Last Friday 7 November the Embassy of the Netherlands in Cairo held the Orange Bike Day, a cycling tour in Cairo. This is the third successive year to hold the festival and, like the previous ones, it met with huge success. With this tour the Embassy hopes to draw attention to the potential of bicycles as a clean and efficient means of transport.
“The Embassy started the Orange Bike Day in Egypt back in 2012 with around 400 participants. The Embassy promised to provide follow up to the cycling event. We fulfilled our promise in 2013. Last year the event was even more successful, and the number of participants increased to around 900. This encouraged us to decide to make the Orange Bike Day an annual event,” says Gerard Steeghs, Ambassador of the Netherlands to Egypt.

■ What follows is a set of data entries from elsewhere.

definition sys :: "params \<Rightarrow> real^5 \<Rightarrow> real^5" where
  "sys p x = (case p of (Lam, \<beta>, D, \<mu>, \<psi>, w, \<sigma>, \<gamma>, \<eta>, \<delta>) \<Rightarrow>
     (let S = x$1; V = x$2; I = x$3; R = x$4; B = x$5 in
      vec5 (Lam - \<beta> * (S * B / (B + D)) - (\<mu> + \<psi>) * S + w * R)
           (\<psi> * S - \<sigma> * \<beta> * (V * B / (B + D)) - \<mu> * V)
           (\<beta> * (S * B / (B + D)) + \<sigma> * \<beta> * (V * B / (B + D)) - (\<mu> + \<gamma>) * I)
           (\<gamma> * I - (\<mu> + w) * R)
           (\<eta> * I - \<delta> * B)))"

definition params_pos :: "params \<Rightarrow> bool" where
  "params_pos p = (case p of (Lam, \<beta>, D, \<mu>, \<psi>, w, \<sigma>, \<gamma>, \<eta>, \<delta>) \<Rightarrow>
     Lam > 0 \<and> \<beta> > 0 \<and> D > 0 \<and> \<mu> > 0 \<and> \<psi> > 0 \<and> w > 0 \<and> \<sigma> > 0 \<and> \<gamma> > 0 \<and> \<eta> > 0 \<and> \<delta> > 0)"

definition R0 :: "params \<Rightarrow> real" where
  "R0 p = (case p of (Lam, \<beta>, D, \<mu>, \<psi>, w, \<sigma>, \<gamma>, \<eta>, \<delta>) \<Rightarrow>
     (let S0 = Lam / (\<mu> + \<psi>); V0 = Lam * \<psi> / (\<mu> * (\<mu> + \<psi>)) in
      \<eta> * \<beta> * (S0 + \<sigma> * V0) / (D * \<delta> * (\<mu> + \<gamma>))))"

definition steady_state :: "params \<Rightarrow> real^5 \<Rightarrow> bool" where
  "steady_state p x \<longleftrightarrow> sys p x = 0"

definition positive_state :: "real^5 \<Rightarrow> bool" where
  "positive_state x \<longleftrightarrow> (\<forall>i. x$i > 0)"

definition jacobian :: "params \<Rightarrow> real^5 \<Rightarrow> real^5^5" where
  "jacobian p x = matrix (frechet_derivative (sys p) (at x))"

definition eigenvalue :: "real^'n^'n \<Rightarrow> complex \<Rightarrow> bool" where
  "eigenvalue A z \<longleftrightarrow> det ((\<chi> i j. (if i = j then z else 0) - complex_of_real (A$i$j)) :: complex^'n^'n) = 0"

definition stable_ss :: "params \<Rightarrow> real^5 \<Rightarrow> bool" where
  "stable_ss p x \<longleftrightarrow> (\<forall>z. eigenvalue (jacobian p x) z \<longrightarrow> Re z < 0)"

definition unstable_ss :: "params \<Rightarrow> real^5 \<Rightarrow> bool" where
  "unstable_ss p x \<longleftrightarrow> (\<exists>z. eigenvalue (jacobian p x) z \<and> Re z > 0)"

end

(* Take Lam = 1, beta = 4, D = 1, mu = 1/20, psi = 1, w = 239/20, sigma = 1/20, gamma = 1,
   eta = 163/1200, delta = 1, so that R0 = 1304/1323 < 1. At a steady state I and R are multiples
   of B, and eliminating S and V leaves B (B + 1) (15 B - 1) (11 B - 1) = 0: there are exactly two
   positive steady states, with B = 1/11 and B = 1/15.
   In the linearisation the total population N = S + V + I + R obeys N' = Lam - mu N, so apart from
   -mu every eigenvalue is a root of a monic quartic obtained by eliminating the eigenvector
   components other than I. At B = 1/11 this quartic satisfies the Routh-Hurwitz conditions, so the
   steady state is stable; at B = 1/15 its constant term is negative, so it has a positive root,
   which is an unstable eigenvalue. *)

theory Submission
  imports Defs
begin

lemma forall_5: "(\<forall>i::5. P i) \<longleftrightarrow> P 1 \<and> P 2 \<and> P 3 \<and> P 4 \<and> P 5"
proof -
  have "i = 1 \<or> i = 2 \<or> i = 3 \<or> i = 4 \<or> i = 5" for i :: 5
  proof (induct i)
    case (of_int z)
    then have "z = 0 \<or> z = 1 \<or> z = 2 \<or> z = 3 \<or> z = 4" by fastforce
    then show ?case by auto
  qed
  then show ?thesis by metis
qed

lemma UNIV_5: "(UNIV :: 5 set) = {1, 2, 3, 4, 5}"
  using forall_5[of "\<lambda>i. i \<in> {1, 2, 3, 4, 5}"] by auto

lemma sum_UNIV_5: "(\<Sum>i\<in>UNIV. f i) = f 1 + f 2 + f 3 + f 4 + f (5::5)"
  unfolding UNIV_5 by (simp add: add.assoc)

lemma vec5_nth [simp]:
  "vec5 a b c d e $ 1 = a" "vec5 a b c d e $ 2 = b" "vec5 a b c d e $ 3 = c"
  "vec5 a b c d e $ 4 = d" "vec5 a b c d e $ 5 = e"
  by (simp_all add: vec5_def)

lemma vec5_eq_iff: "x = vec5 a b c d e \<longleftrightarrow> x$1 = a \<and> x$2 = b \<and> x$3 = c \<and> x$4 = d \<and> x$5 = e"
  by (simp add: vec_eq_iff forall_5)

lemma vec5_eq_0_iff: "vec5 a b c d e = 0 \<longleftrightarrow> a = 0 \<and> b = 0 \<and> c = 0 \<and> d = 0 \<and> e = 0"
  by (simp add: vec_eq_iff forall_5)

lemma vec5_eq_sum_axis:
  "vec5 a b c d e = a *\<^sub>R axis 1 1 + b *\<^sub>R axis 2 1 + c *\<^sub>R axis 3 1 + d *\<^sub>R axis 4 1 + e *\<^sub>R axis 5 1"
  by (simp add: vec_eq_iff forall_5 axis_def)

lemma positive_state_iff: "positive_state x \<longleftrightarrow> x$1 > 0 \<and> x$2 > 0 \<and> x$3 > 0 \<and> x$4 > 0 \<and> x$5 > 0"
  by (simp add: positive_state_def forall_5)

lemma vec5_exists: "\<exists>v::'a^5. v$1 = a \<and> v$2 = b \<and> v$3 = c \<and> v$4 = d \<and> v$5 = e"
proof
  let ?v = "\<chi> i::5. if i = 1 then a else if i = 2 then b else if i = 3 then c else if i = 4 then d else e"
  show "?v$1 = a \<and> ?v$2 = b \<and> ?v$3 = c \<and> ?v$4 = d \<and> ?v$5 = e"
    by simp
qed

lemma eigenvalue_iff:
  fixes A :: "real^'n^'n"
  shows "eigenvalue A z \<longleftrightarrow> (\<exists>v. v \<noteq> 0 \<and> (\<forall>i. z * v$i = (\<Sum>j\<in>UNIV. of_real (A$i$j) * v$j)))"
proof -
  let ?M = "(\<chi> i j. (if i = j then z else 0) - complex_of_real (A$i$j)) :: complex^'n^'n"
  have "((if i = j then z else 0) - of_real (A$i$j)) * v$j = (if i = j then z * v$j else 0) - of_real (A$i$j) * v$j"
    for v :: "complex^'n" and i j
    by (simp add: left_diff_distrib)
  then have "(?M *v v) $ i = z * v$i - (\<Sum>j\<in>UNIV. of_real (A$i$j) * v$j)" for v i
    unfolding matrix_vector_mult_def by (simp add: sum_subtractf)
  then have "?M *v v = 0 \<longleftrightarrow> (\<forall>i. z * v$i = (\<Sum>j\<in>UNIV. of_real (A$i$j) * v$j))" for v
    by (simp add: vec_eq_iff)
  moreover have "det ?M \<noteq> 0 \<longleftrightarrow> (\<forall>v. ?M *v v = 0 \<longrightarrow> v = 0)"
    unfolding invertible_det_nz[symmetric] invertible_left_inverse matrix_left_invertible_ker ..
  ultimately show ?thesis
    unfolding eigenvalue_def by blast
qed


lemma quartic_eliminate_imaginary_part:
  fixes A B C E x Y :: real
  assumes "Y * (4*x + A) = 4*x^3 + 3*A*x^2 + 2*B*x + C"
  shows "(4*x + A)^2 * (x^4 - 6*x^2*Y + Y^2 + A*(x^3 - 3*x*Y) + B*(x^2 - Y) + C*x + E) =
    (C^2 - A*B*C + A^2*E) + (8*A*E - 2*A^2*C - 2*A*B^2)*x + (16*E - 4*A*C - 4*B^2 - 8*A^2*B)*x^2
    - (32*A*B + 8*A^3)*x^3 - (32*B + 48*A^2)*x^4 - 96*A*x^5 - 64*x^6"
  using assms by algebra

Some 3000 participants joined in this year’s Orange Bike Day, among them this Watani reporter.
The Netherlands is known worldwide as a pioneer in developing an extensive cycling policy and matching infrastructure. The aim is to lessen traffic and pollution within cities, and to promote low-cost, healthy means of transportation.
Ambassador Steeghs highlights the relevance of cycling for Egypt, at the same time noting that bicycle lanes are already being promoted in several Egyptian cities. He points out, however, that the acceptance of bicycles in traffic by ordinary road users still has a long way to go in Egypt. “Nevertheless, events like Orange Bike Day could help in creating a critical momentum that would enable a wider use of bicycles, and so furthering their acceptance in traffic,” he says.
Egypt’s President Abdel-Fattah al-Sisi has promoted cycling as a clean means of transportation when he led a Friday early morning cycling marathon back in June 2014, on the first weekend after he was sworn in.